Bratcher Holly B, Corton Craig, Jolley Keith A, Parkhill Julian, Maiden Martin C J
Department of Zoology, University of Oxford, Oxford, UK.
BMC Genomics. 2014 Dec 18;15(1):1138. doi: 10.1186/1471-2164-15-1138.
Highly parallel, 'second generation' sequencing technologies have rapidly expanded the number of bacterial whole genome sequences available for study, permitting the emergence of the discipline of population genomics. Most of these data are publically available as unassembled short-read sequence files that require extensive processing before they can be used for analysis. The provision of data in a uniform format, which can be easily assessed for quality, linked to provenance and phenotype and used for analysis, is therefore necessary.
The performance of de novo short-read assembly followed by automatic annotation using the pubMLST.org Neisseria database was assessed and evaluated for 108 diverse, representative, and well-characterised Neisseria meningitidis isolates. High-quality sequences were obtained for >99% of known meningococcal genes among the de novo assembled genomes and four resequenced genomes and less than 1% of reassembled genes had sequence discrepancies or misassembled sequences. A core genome of 1600 loci, present in at least 95% of the population, was determined using the Genome Comparator tool. Genealogical relationships compatible with, but at a higher resolution than, those identified by multilocus sequence typing were obtained with core genome comparisons and ribosomal protein gene analysis which revealed a genomic structure for a number of previously described phenotypes. This unified system for cataloguing Neisseria genetic variation in the genome was implemented and used for multiple analyses and the data are publically available in the PubMLST Neisseria database.

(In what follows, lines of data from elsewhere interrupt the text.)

theorem lemma4p3:
  fixes N k0 :: nat and D :: real and b r :: "nat \<Rightarrow> real"
  assumes "N \<ge> 1" and "D > 0"
    and "\<forall>i\<in>{1..N}. b i > 0"
    and "r 1 > 0" and "\<forall>i\<in>{1..N}. \<forall>j\<in>{1..N}. i < j \<longrightarrow> r i < r j"
    and "k0 \<ge> 1"
    and "\<forall>k\<ge>k0. root_structure N r (PNk N D b r k)"
  shows "\<exists>M2 > 0. \<exists>M3 > 0. \<exists>K\<ge>k0. \<forall>k\<ge>K. \<forall>z :: complex.
           poly (map_poly complex_of_real (PNk N D b r k)) z = 0 \<and> Im z > 0 \<longrightarrow>
             \<bar>Re z + (\<Sum>j\<in>{1..N}. b j) / (2 * D)\<bar> \<le> M2 / (real k)^2 \<and>
             \<bar>Im z - (2 * real k - 1) * sqrt D\<bar> \<le> M3 / (2 * real k - 1)"
proof -
  define B where "B = (\<Sum>j\<in>{1..N}. b j)"
  define L where "L = B / D + r N"
  define K where "K = max k0 (nat \<lceil>4 * (r N)^2 / D\<rceil>)"
  have r_bounds: "\<forall>i\<in>{1..N}. 0 < r i \<and> r i \<le> r N"
  proof
    fix i assume i: "i \<in> {1..N}"
    have "r 1 \<le> r i" and "r i \<le> r N"
      using assms(5) i \<open>N \<ge> 1\<close> by (auto simp: le_less)
    then show "0 < r i \<and> r i \<le> r N"
      using assms(4) by simp
  qed
  have "0 < B"
    using assms(1,3) unfolding B_def by (intro sum_pos) auto
  then have "0 < L"
    using assms(1,2) r_bounds by (simp add: L_def add_pos_pos)
  have "4 * (r N)^2 \<le> D * real k" if "K \<le> k" for k
    using that assms(2) unfolding K_def by (simp add: field_simps)
  then have "\<forall>k\<ge>K. \<forall>z :: complex.
           poly (map_poly complex_of_real (PNk N D b r k)) z = 0 \<and> Im z > 0 \<longrightarrow>
             \<bar>Re z + B / (2 * D)\<bar> \<le> (4 * B * L^2 / D^2) / (real k)^2 \<and>
             \<bar>Im z - (2 * real k - 1) * sqrt D\<bar> \<le> (3 * L^2 / sqrt D) / (2 * real k - 1)"
    using PNk_upper_root_estimates[OF assms(1-3) r_bounds] assms(6)
    unfolding K_def B_def L_def by auto
  moreover have "0 < 4 * B * L^2 / D^2" and "0 < 3 * L^2 / sqrt D"
    using \<open>0 < B\<close> \<open>0 < L\<close> assms(2) by auto
  moreover have "k0 \<le> K"
    by (simp add: K_def)
  ultimately show ?thesis
    unfolding B_def by blast
qed

end
lemma N_op_commute_sd_twist_iff:
  assumes "Vector_Spaces.linear sg sg alg" and "Vector_Spaces.linear sh sh alh"
    and "Vector_Spaces.linear sh sg A"
  shows "(\<forall>p. N_op A (sd_twist alg alh p) = sd_twist alg alh (N_op A p)) \<longleftrightarrow>
    (\<forall>u. A (alh u) = alg (A u))"
proof -
  interpret alg: Vector_Spaces.linear sg sg alg by fact
  interpret alh: Vector_Spaces.linear sh sh alh by fact
  have "N_op A (sd_twist alg alh (x, u)) = sd_twist alg alh (N_op A (x, u)) \<longleftrightarrow>
      A (alh u) = alg (A u)" for x u
    by (simp add: N_op_def sd_twist_def alg.add alh.zero)
  then show ?thesis by auto
qed

theorem mainTheorem3:
  fixes sg :: "'k::field_char_0 \<Rightarrow> 'g::ab_group_add \<Rightarrow> 'g"
    and sh :: "'k \<Rightarrow> 'h::ab_group_add \<Rightarrow> 'h"
    and \<kappa> :: 'k
    and brg :: "'g \<Rightarrow> 'g \<Rightarrow> 'g \<Rightarrow> 'g" and alg :: "'g \<Rightarrow> 'g"
    and brh :: "'h \<Rightarrow> 'h \<Rightarrow> 'h \<Rightarrow> 'h" and alh :: "'h \<Rightarrow> 'h"
    and \<theta> :: "'g \<Rightarrow> 'g \<Rightarrow> 'h \<Rightarrow> 'h"
    and A :: "'h \<Rightarrow> 'g"
  assumes "HomLTS sg brg alg"
    and "HomLTS sh brh alh"
    and "HomLTS_action sg brg alg sh brh alh \<theta>"
    and "Vector_Spaces.linear sh sg A"
  shows "weighted_O_operator sh \<kappa> brg alg brh alh \<theta> A \<longleftrightarrow>
         Nijenhuis (sd_scale sg sh) (sd_bracket sh \<kappa> brg brh \<theta>) (sd_twist alg alh) (N_op A)"
proof -
  have brg: "trilinear sg brg" and alg: "Vector_Spaces.linear sg sg alg"
    using assms(1) unfolding HomLTS_def by auto
  have brh: "trilinear sh brh" and alh: "Vector_Spaces.linear sh sh alh"
    using assms(2) unfolding HomLTS_def by auto
  have rep: "HomLTS_rep sg brg alg sh alh \<theta>"
    using assms(3) unfolding HomLTS_action_def by auto
  have O_identity_iff: "(\<forall>p q r. N_op A (sd_bracket sh \<kappa> brg brh \<theta>
        (N_op A p - p) (N_op A q - q) (N_op A r - r)) = 0) \<longleftrightarrow>
      (\<forall>u v w. brg (A u) (A v) (A w) =
        A (Dop \<theta> (A u) (A v) w - \<theta> (A u) (A w) v + \<theta> (A v) (A w) u + sh \<kappa> (brh u v w)))"
    by (simp add: split_paired_All N_op_sd_bracket_defect[OF brh rep assms(4)] zero_prod_def)
  show ?thesis
    unfolding weighted_O_operator_def Nijenhuis_def
      N_op_commute_sd_twist_iff[OF alg alh assms(4)]
      idempotent_Nijenhuis_identity_iff[where br = "sd_bracket sh \<kappa> brg brh \<theta>" and N = "N_op A",
        OF trilinear_sd_bracket[OF brg brh rep]
        linear_N_op[OF assms(4)] N_op_idem[OF assms(4)] sd_bracket_N_op_closed[OF brh rep assms(4)]]
      O_identity_iff
    using linear_N_op[OF assms(4)] by blast
qed

end
lemma P_less_mid: "t1 \<le> x \<Longrightarrow> x < y \<Longrightarrow> y \<le> t2 \<Longrightarrow> P y < P x"
  using t12 by (intro has_real_derivative_neg_imp_less[of x y P P2]) (auto intro: P_deriv P2_neg)

definition defect :: "real \<Rightarrow> real \<Rightarrow> real" where
  "defect b t = 2 * h t - 2 * h b - P b * (t\<^sup>2 - b\<^sup>2)"

lemma defect_self [simp]: "defect b b = 0"
  by (simp add: defect_def)

lemma defect_diff_eq_chord:
  assumes "\<tau>\<^sup>2 \<noteq> f\<^sup>2"
  shows "defect b \<tau> - defect b f = (f\<^sup>2 - \<tau>\<^sup>2) * (P b - chord h f \<tau>)"
proof -
  have "f\<^sup>2 - \<tau>\<^sup>2 \<noteq> 0"
    using assms by simp
  then show ?thesis
    unfolding defect_def chord_def by (simp add: field_simps)
qed

lemma chord_eq_iff_defect_eq_0:
  assumes "b\<^sup>2 \<noteq> f\<^sup>2"
  shows "P b = chord h f b \<longleftrightarrow> defect b f = 0"
  using defect_diff_eq_chord[of b f b] assms by auto

lemma defect_deriv_right: "1 < t \<Longrightarrow> (defect b has_real_derivative 2 * t * (P t - P b)) (at t)"
  unfolding defect_def[abs_def] by (auto intro!: derivative_eq_intros h_deriv simp: algebra_simps)

lemma defect_deriv_left:
  "1 < b \<Longrightarrow> ((\<lambda>b. defect b f) has_real_derivative - P2 b * (f\<^sup>2 - b\<^sup>2)) (at b)"
  unfolding defect_def by (auto intro!: derivative_eq_intros h_deriv P_deriv simp: algebra_simps)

The de novo assembly, combined with automated gene-by-gene annotation, generates high quality draft genomes in which the majority of protein-encoding genes are present with high accuracy. The approach catalogues diversity efficiently, permits analyses of a single genome or multiple genome comparisons, and is a practical approach to interpreting WGS data for large bacterial population samples. The method generates novel insights into the biology of the meningococcus and improves our understanding of the whole population structure, not just disease causing lineages.
高度并行的“第二代”测序技术迅速增加了可供研究的细菌全基因组序列数量,促使群体基因组学这一学科的出现。这些数据大多以未组装的短读长序列文件形式公开提供,在用于分析之前需要进行大量处理。因此,有必要以统一格式提供数据,这种格式应易于评估质量、与出处和表型相关联并用于分析。
对108株不同、具有代表性且特征明确的脑膜炎奈瑟菌分离株进行了从头短读长组装,随后使用pubMLST.org奈瑟菌数据库进行自动注释,并对其性能进行了评估。在从头组装的基因组和四个重测序基因组中,超过99%的已知脑膜炎球菌基因获得了高质量序列,重新组装的基因中不到1%存在序列差异或组装错误的序列。使用基因组比较工具确定了一个由1600个位点组成的核心基因组,该基因组存在于至少95%的群体中。通过核心基因组比较和核糖体蛋白基因分析获得了与多位点序列分型所确定的亲缘关系相符但分辨率更高的谱系关系,揭示了许多先前描述的表型的基因组结构。实施了这个用于编目奈瑟菌基因组遗传变异的统一系统,并用于多项分析,数据可在PubMLST奈瑟菌数据库中公开获取。
从头组装结合逐个基因的自动注释,生成了高质量的基因组草图,其中大多数蛋白质编码基因都具有较高的准确性。该方法有效地编目了多样性,允许对单个基因组或多个基因组进行比较分析,是解释大型细菌群体样本的全基因组测序数据的实用方法。该方法为脑膜炎球菌的生物学特性提供了新的见解,不仅改善了我们对致病谱系的理解,还提高了我们对整个群体结构的认识。